男の娘ブームにうんざり

最近のアニメは当たり前のように「女しかに見えない男(オタク業界では男の娘などという表現するようだが)」というキャラクターが登場するようになっている。昔からいるにはいたが、所詮それは変化球だった。ところが今やどのアニメにも一人はいるお決まりのキャラクターになりつつある。

男に欲情するのも女に欲情するのも勝手だが、「女にしか見えない男」への欲情は倒錯していると言わざるを得ない。ショタコンは女装少年が好きなわけではないし、ロリコンは男装少女が好きなわけではない。中にはそういう性癖の者もいるだろうが、決してそれは多数派ではないし、多数派であってはならない。女装少年好きのショタコンや、男装少女好きのロリコンは少数派の中の少数派、究極のマイノリティであろう。であった、というべきか。オタクはもはや「男でも女でも可愛ければ何でも良い」という歪んだ価値観を持つに至った。むしろ異性、同性への恐怖心から、「男の方がいい」まで考えている者もいるだろうし、性別上男なら合法的に裸を見やすい、とも考えているのかも知れない。

サブカルチャーにおいて、美少女と美少年の顔は明確な描き分けがされていない。記号として乳が膨らんでいるかどうかという違いがあるだけで、乳を萎ませればもはや美少女か美少年かは全くわからなくなる。したがって体型では性別が断定できない美少女が登場した時、もはや男だと疑ってかかるべきで、最近のアニメでは事実概ね男なのである。

例を示そう。


男である。


男である。


男である。


男である。


女である。


男である。


女であると見せかけた男であると見せてその実女である。


男である。


男である。


男である。

本当にうんざりしている。私は女が好きなのだ。可愛ければ何でも良いわけではない。さぶカルチャー業界では、さぶがゆえにマイノリティがデカい顔をして歩いているから困ってしまう。可愛いなと思ったキャラクターに限って男だというパターンには辟易している。ときめきを返して欲しい。

「アニメなど所詮絵なのだから性別など関係ないだろう」という意見もあるだろうが、断固それは譲れない。たとえただの設定であろうと、男に欲情することなどあってはならない。「可愛ければ何でもいい」という領域には絶対に踏み込まない。そこに踏み込んでしまったが最後、何でもアリになってしまうからだ。こんなことに難しい理屈などいらない。男は嫌、というただそれだけのことだ。

自分のようにアニメを絵しか見ない層(そんな層があるのかは知らないが)にとっては、キャラクターの外見だけが判断材料なのである。ところが女にしか見えない男が増殖してくると、毎回公式ホームページなどを見て性別を判断しなければならなくなる。

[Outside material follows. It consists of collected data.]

lemma pw_dominated_conv:
  assumes "-1 < a1" "-1 < a2" "b1 < -1" "b2 < -1" "a1 + a2 + 1 < 0"
    and h1: "pw_dominated C1 a1 b1 h1" and h2: "pw_dominated C2 a2 b2 h2"
  shows "\<exists>C. pw_dominated C (a1 + a2 + 1) (max b1 b2) (conv h1 h2)"
proof -
  have [measurable]: "h1 \<in> borel_measurable borel" "h2 \<in> borel_measurable borel"
    and nonneg: "\<And>x. 0 \<le> h1 x" "\<And>x. 0 \<le> h2 x" using h1 h2 by (auto simp: pw_dominated_def)
  have C: "0 \<le> C1" "0 \<le> C2" using h1 h2 by (simp_all add: pw_dominated_const_nonneg)
  obtain A12 where A12: "A12 \<ge> 0" "\<And>Y. Y > 0 \<Longrightarrow>
      (\<integral>\<^sup>+x. ennreal (pw_powr a1 b1 \<bar>x\<bar> * pw_powr a2 b2 (max \<bar>x\<bar> Y / 2)) \<partial>lborel)
        \<le> ennreal (A12 * pw_powr (a1 + a2 + 1) (max b1 b2) Y)"
    using nn_integral_pw_powr_product_le[of a1 a2 b1 b2] assms by blast
  obtain A21 where A21: "A21 \<ge> 0" "\<And>Y. Y > 0 \<Longrightarrow>
      (\<integral>\<^sup>+x. ennreal (pw_powr a2 b2 \<bar>x\<bar> * pw_powr a1 b1 (max \<bar>x\<bar> Y / 2)) \<partial>lborel)
        \<le> ennreal (A21 * pw_powr (a1 + a2 + 1) (max b1 b2) Y)"
    using nn_integral_pw_powr_product_le[of a2 a1 b2 b1] assms by (auto simp: add_ac max.commute)
  have "conv h1 h2 y \<le> C1 * C2 * (A12 + A21) * pw (a1 + a2 + 1) (max b1 b2) y" if "y \<noteq> 0" for y
  proof -
    define K where "K = C1 * C2 * exp (- \<bar>y\<bar>)"
    define Q where "Q = pw_powr (a1 + a2 + 1) (max b1 b2) \<bar>y\<bar>"
    define G12 where "G12 x = pw_powr a1 b1 \<bar>x\<bar> * pw_powr a2 b2 (max \<bar>x\<bar> \<bar>y\<bar> / 2)" for x
    define G21 where "G21 x = pw_powr a2 b2 \<bar>y - x\<bar> * pw_powr a1 b1 (max \<bar>y - x\<bar> \<bar>y\<bar> / 2)" for x
    have "(\<integral>\<^sup>+x. ennreal (G21 x) \<partial>lborel)
        = (\<integral>\<^sup>+x. ennreal (pw_powr a2 b2 \<bar>x\<bar> * pw_powr a1 b1 (max \<bar>x\<bar> \<bar>y\<bar> / 2)) \<partial>lborel)"
      using nn_integral_real_affine[of "\<lambda>x. ennreal (G21 (y - x))" "-1" y] by (simp add: G21_def)
    then have "(\<integral>\<^sup>+x. ennreal (K * G12 x + K * G21 x) \<partial>lborel) \<le> ennreal (K * (A12 * Q) + K * (A21 * Q))"
      using A12 A21 C \<open>y \<noteq> 0\<close>
      by (intro nn_integral_lincomb_le) (auto simp: G12_def G21_def Q_def K_def)
    moreover have "(\<integral>\<^sup>+x. ennreal (h1 x * h2 (y - x)) \<partial>lborel)
        \<le> (\<integral>\<^sup>+x. ennreal (K * G12 x + K * G21 x) \<partial>lborel)"
    proof (rule nn_integral_mono_AE)
      have pt: "h1 x * h2 (y - x) \<le> K * G12 x + K * G21 x" if "x \<noteq> 0" "x \<noteq> y" for x
        using conv_integrand_le[OF h1 h2 _ _ _ _ that] assms
        unfolding K_def G12_def G21_def by (simp only: distrib_left)
      show "AE x in lborel. ennreal (h1 x * h2 (y - x)) \<le> ennreal (K * G12 x + K * G21 x)"
        using AE_lborel_singleton[of 0] AE_lborel_singleton[of y] by eventually_elim (simp add: ennreal_leI pt)
    qed
    ultimately have "(\<integral>\<^sup>+x. ennreal (h1 x * h2 (y - x)) \<partial>lborel) \<le> ennreal (K * (A12 * Q) + K * (A21 * Q))"
      by (rule order.trans[rotated])
    moreover have "conv h1 h2 y = enn2real (\<integral>\<^sup>+x. ennreal (h1 x * h2 (y - x)) \<partial>lborel)"
      unfolding conv_def using nonneg by (intro integral_eq_nn_integral) (auto intro: mult_nonneg_nonneg)
    ultimately have "conv h1 h2 y \<le> K * (A12 * Q) + K * (A21 * Q)"
      using A12 A21 C by (auto intro!: enn2real_leI simp del: ennreal_plus simp: K_def Q_def)
    then show ?thesis by (simp add: K_def Q_def pw_eq_pw_powr algebra_simps)
  qed
  moreover have "0 \<le> conv h1 h2 y" for y
    unfolding conv_def using nonneg by (intro Bochner_Integration.integral_nonneg mult_nonneg_nonneg)
  moreover have "conv h1 h2 \<in> borel_measurable borel" by measurable
  ultimately show ?thesis unfolding pw_dominated_def by blast
qed

lemma conv_pow_Suc: "1 \<le> m \<Longrightarrow> conv_pow f (Suc m) = conv f (conv_pow f m)"
  by (cases m) auto

lemma pw_dominated_conv_pow:
  assumes f: "pw_dominated C a b f" and "-1 < a" "b < -1"
  shows "1 \<le> m \<Longrightarrow> real m * (a + 1) < 1 \<Longrightarrow> \<exists>C. pw_dominated C (real m * (a + 1) - 1) b (conv_pow f m)"
proof (induction m rule: nat_induct_at_least)
  case base
  show ?case using f by auto
next
  case (Suc m)
  have "real m * (a + 1) \<le> real (Suc m) * (a + 1)" using assms by (intro mult_right_mono) auto
  then obtain C' where C': "pw_dominated C' (real m * (a + 1) - 1) b (conv_pow f m)"
    using Suc by auto
  have "-1 < real m * (a + 1) - 1" using Suc.hyps assms by simp
  moreover have "a + (real m * (a + 1) - 1) + 1 < 0" using Suc.prems by (simp add: algebra_simps)
  ultimately obtain C'' where "pw_dominated C'' (a + (real m * (a + 1) - 1) + 1) (max b b) (conv f (conv_pow f m))"
    using pw_dominated_conv[OF assms(2) _ assms(3,3) _ f C'] by blast
  moreover have "a + (real m * (a + 1) - 1) + 1 = real (Suc m) * (a + 1) - 1"
    by (simp add: algebra_simps)
  ultimately show ?case using Suc.hyps by (auto simp: conv_pow_Suc)
qed

lemma powr_le_on_window:
  fixes t z e \<beta>0 \<beta> :: real
  assumes "0 < t" "t \<le> z" "z \<le> t / \<beta>" "0 < \<beta>0" "\<beta>0 \<le> \<beta>" "\<beta> \<le> 1"
  shows "z powr e \<le> (1 / \<beta>0) powr \<bar>e\<bar> * t powr e"
proof (cases "0 \<le> e")
  case True
  have "z powr e \<le> (t / \<beta>) powr e" using assms True by (intro powr_mono2) auto
  also have "\<dots> = (1 / \<beta>) powr e * t powr e" by (simp add: powr_divide field_simps)
  also have "\<dots> \<le> (1 / \<beta>0) powr e * t powr e"
    using assms True by (intro mult_right_mono powr_mono2) (auto simp: field_simps)
  finally show ?thesis using True by simp
next
  case False
  have "z powr e \<le> t powr e" using assms False by (intro powr_mono2') auto
  moreover have "1 \<le> (1 / \<beta>0) powr \<bar>e\<bar>" using assms by (intro ge_one_powr_ge_zero) auto
  ultimately show ?thesis by (metis mult_right_mono mult_1 powr_ge_zero order.trans)
qed

lemma pw_div_powr_le_on_window:
  fixes a b l t z \<beta>0 \<beta> :: real
  assumes "b \<le> a" "0 < t" "t \<le> z" "z \<le> t / \<beta>" "0 < \<beta>0" "\<beta>0 \<le> \<beta>" "\<beta> \<le> 1"
  shows "pw a b z / z powr l
    \<le> (1 / \<beta>0) powr (\<bar>a - l\<bar> + \<bar>b - l\<bar>) * t powr (if t \<le> 1 then a - l else b - l) * exp (- t)"
proof -
  define e where "e = (if t \<le> 1 then a - l else b - l)"
  have z: "0 < z" using assms by linarith
  have "pw_powr a b z / z powr l \<le> z powr e"
  proof (cases "t \<le> 1")
    case True
    have "pw_powr a b z / z powr l \<le> z powr a / z powr l"
      using pw_powr_le_powr_fst[OF z assms(1)] by (intro divide_right_mono) auto
    then show ?thesis using True by (simp add: e_def powr_diff)
  next
    case False
    then show ?thesis using assms by (simp add: e_def pw_powr_def powr_diff)
  qed
  also have "\<dots> \<le> (1 / \<beta>0) powr \<bar>e\<bar> * t powr e"
    using assms by (intro powr_le_on_window) auto
  also have "\<dots> \<le> (1 / \<beta>0) powr (\<bar>a - l\<bar> + \<bar>b - l\<bar>) * t powr e"
    using assms by (intro mult_right_mono powr_mono) (auto simp: e_def field_simps)
  finally have "pw_powr a b z / z powr l * exp (- z) \<le> (1 / \<beta>0) powr (\<bar>a - l\<bar> + \<bar>b - l\<bar>) * t powr e * exp (- t)"
    using assms by (intro mult_mono) auto
  then show ?thesis using z by (simp add: pw_eq_pw_powr e_def)
qed

lemma set_integral_Icc_le_const:
  fixes f :: "real \<Rightarrow> real"
  assumes "s \<le> u" "0 \<le> D" "\<And>z. z \<in> {s..u} \<Longrightarrow> f z \<le> D"
  shows "(LINT z:{s..u}|lborel. f z) \<le> D * (u - s)"
proof -
  have "integrable lborel (\<lambda>z. indicator {s..u} z *\<^sub>R D)"
    using assms by (intro integrable_indicator) auto
  then have "(LINT z:{s..u}|lborel. f z) \<le> (LINT z:{s..u}|lborel. D)"
    unfolding set_lebesgue_integral_def using assms
    by (intro integral_mono') (auto split: split_indicator)
  also have "\<dots> = D * (u - s)"
    using assms by (subst set_integral_const) auto
  finally show ?thesis .
qed

lemma window_integral_le:
  fixes C a b l \<beta>0 :: real and h :: "real \<Rightarrow> real"
  assumes h: "pw_dominated C a b h" and "b \<le> a" "0 < \<beta>0"
  shows "\<exists>K. \<forall>\<beta> \<eta>. \<beta>0 < \<beta> \<and> \<beta> < 1 \<and> \<eta> \<noteq> 0 \<longrightarrow>
    (LINT \<zeta>:{\<bar>\<eta>\<bar>..\<bar>\<eta>\<bar>/\<beta>}|lborel. h \<zeta> / \<bar>\<zeta>\<bar> powr l)
    \<le> (1 - \<beta>) * K * \<bar>\<eta>\<bar> powr (if \<bar>\<eta>\<bar> \<le> 1 then a - l + 1 else b + 1 - l) * exp (- \<bar>\<eta>\<bar>)"
proof (intro exI allI impI, elim conjE)
  fix \<beta> \<eta> :: real assume \<beta>: "\<beta>0 < \<beta>" "\<beta> < 1" and "\<eta> \<noteq> 0"
  define t where "t = \<bar>\<eta>\<bar>"
  define M where "M = (1 / \<beta>0) powr (\<bar>a - l\<bar> + \<bar>b - l\<bar>)"
  define e where "e = (if t \<le> 1 then a - l else b - l)"
  have t: "0 < t" using \<open>\<eta> \<noteq> 0\<close> by (simp add: t_def)
  have C: "0 \<le> C" using h by (rule pw_dominated_const_nonneg)
  have "h z / \<bar>z\<bar> powr l \<le> C * M * t powr e * exp (- t)" if z: "z \<in> {t..t / \<beta>}" for z
  proof -
    have "h z / \<bar>z\<bar> powr l \<le> C * (pw a b z / z powr l)"
      using h z t by (auto simp: pw_dominated_def intro!: divide_right_mono)
    also have "\<dots> \<le> C * (M * t powr e * exp (- t))"
    proof (rule mult_left_mono[OF _ C])
      show "pw a b z / z powr l \<le> M * t powr e * exp (- t)"
        unfolding M_def e_def using z t assms \<beta> by (intro pw_div_powr_le_on_window) auto
    qed
    finally show ?thesis by (simp add: mult_ac)
  qed
  then have "(LINT \<zeta>:{t..t / \<beta>}|lborel. h \<zeta> / \<bar>\<zeta>\<bar> powr l) \<le> C * M * t powr e * exp (- t) * (t / \<beta> - t)"
    using C t \<beta> assms by (intro set_integral_Icc_le_const) (auto simp: M_def field_simps)
  also have "\<dots> = (1 - \<beta>) * (C * M / \<beta>) * (t powr e * t) * exp (- t)"
    using \<beta> assms by (simp add: field_simps)
  also have "\<dots> \<le> (1 - \<beta>) * (C * M / \<beta>0) * (t powr e * t) * exp (- t)"
    using C t \<beta> assms by (intro mult_right_mono mult_left_mono divide_left_mono) (auto simp: M_def)
  also have "t powr e * t = t powr (if t \<le> 1 then a - l + 1 else b + 1 - l)"
  proof -
    have "(if t \<le> 1 then a - l + 1 else b + 1 - l) = e + 1" by (simp add: e_def)
    then show ?thesis using t by (simp add: powr_add)
  qed
  finally show "(LINT \<zeta>:{\<bar>\<eta>\<bar>..\<bar>\<eta>\<bar>/\<beta>}|lborel. h \<zeta> / \<bar>\<zeta>\<bar> powr l)
    \<le> (1 - \<beta>) * (C * M / \<beta>0) * \<bar>\<eta>\<bar> powr (if \<bar>\<eta>\<bar> \<le> 1 then a - l + 1 else b + 1 - l) * exp (- \<bar>\<eta>\<bar>)"
    unfolding t_def .
qed

theorem lemma4p2:
  fixes \<beta>0 l k1 k2 z1 z2 :: real and r :: nat
  assumes "0 < \<beta>0" "\<beta>0 < 1" "l > 0" "r \<ge> 1"
    and "k1 > -1" "k2 < -1" "z1 > -1" "z2 < -1"
    and "z1 < - (2 * real r - 1) / (2 * real r)"
    and "2 * real r * z1 + k1 + 2 * real r < 0"
  shows "\<exists>K. \<forall>\<beta> \<eta>. \<beta>0 < \<beta> \<and> \<beta> < 1 \<and> \<eta> \<noteq> 0 \<longrightarrow>
    (LINT \<zeta>:{\<bar>\<eta>\<bar>..\<bar>\<eta>\<bar>/\<beta>}|lborel.
        conv (pw k1 k2) (conv_pow (pw z1 z2) (2 * r)) \<zeta> / \<bar>\<zeta>\<bar> powr l)
    \<le> (1 - \<beta>) * K * \<bar>\<eta>\<bar> powr (if \<bar>\<eta>\<bar> \<le> 1 then 2 * real r * z1 + k1 + 2 * real r - l + 1
                                   else max k2 z2 + 1 - l) * exp (- \<bar>\<eta>\<bar>)"
proof -
  have "real (2 * r) * (z1 + 1) < 1"
    using assms(4,9) by (simp add: field_simps)
  then have "\<exists>C. pw_dominated C (real (2 * r) * (z1 + 1) - 1) z2 (conv_pow (pw z1 z2) (2 * r))"
    using assms(4) by (intro pw_dominated_conv_pow[OF pw_dominated_pw assms(7,8)]) auto
  then obtain CF where CF: "pw_dominated CF (real (2 * r) * (z1 + 1) - 1) z2 (conv_pow (pw z1 z2) (2 * r))"
    by blast
  have pos: "0 < real (2 * r) * (z1 + 1)" using assms(4,7) by simp
  have exponent: "k1 + (real (2 * r) * (z1 + 1) - 1) + 1 = 2 * real r * z1 + k1 + 2 * real r"
    by (simp add: algebra_simps)
  have "\<exists>C. pw_dominated C (k1 + (real (2 * r) * (z1 + 1) - 1) + 1) (max k2 z2)
      (conv (pw k1 k2) (conv_pow (pw z1 z2) (2 * r)))"
    using pos assms(10) exponent by (intro pw_dominated_conv[OF assms(5) _ assms(6,8) _ pw_dominated_pw CF]) auto
  then obtain CH where CH: "pw_dominated CH (2 * real r * z1 + k1 + 2 * real r) (max k2 z2)
      (conv (pw k1 k2) (conv_pow (pw z1 z2) (2 * r)))"
    unfolding exponent by blast
  have "max k2 z2 \<le> 2 * real r * z1 + k1 + 2 * real r"
    using pos exponent assms(5,6,8) by (simp only: max.bounded_iff) linarith
  then show ?thesis using window_integral_le[OF CH _ assms(1)] by blast
qed

end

書いていなければもはや全くわからない。

体型がはっきりしないキャラクターの男率は恐ろしい高さになっている。もう100%と言っても良いかも知れない。声など一切聞いていないのに、早送りなのに、「こいつ男じゃねえの……」とわかるようになってきた。上に示したアニメも、ほとんどキャラクターの名前はおろかストーリーさえ一切知らないが、絵を見て女男かどうかだけは何となくわかった。最近のこの酷い風潮が一人の人間を、絵を見ただけで男かどうか判定できるふざけた体質にしてしまったのだ。まさに悲劇と言えよう。頼むから、もう少し減らしてくれ。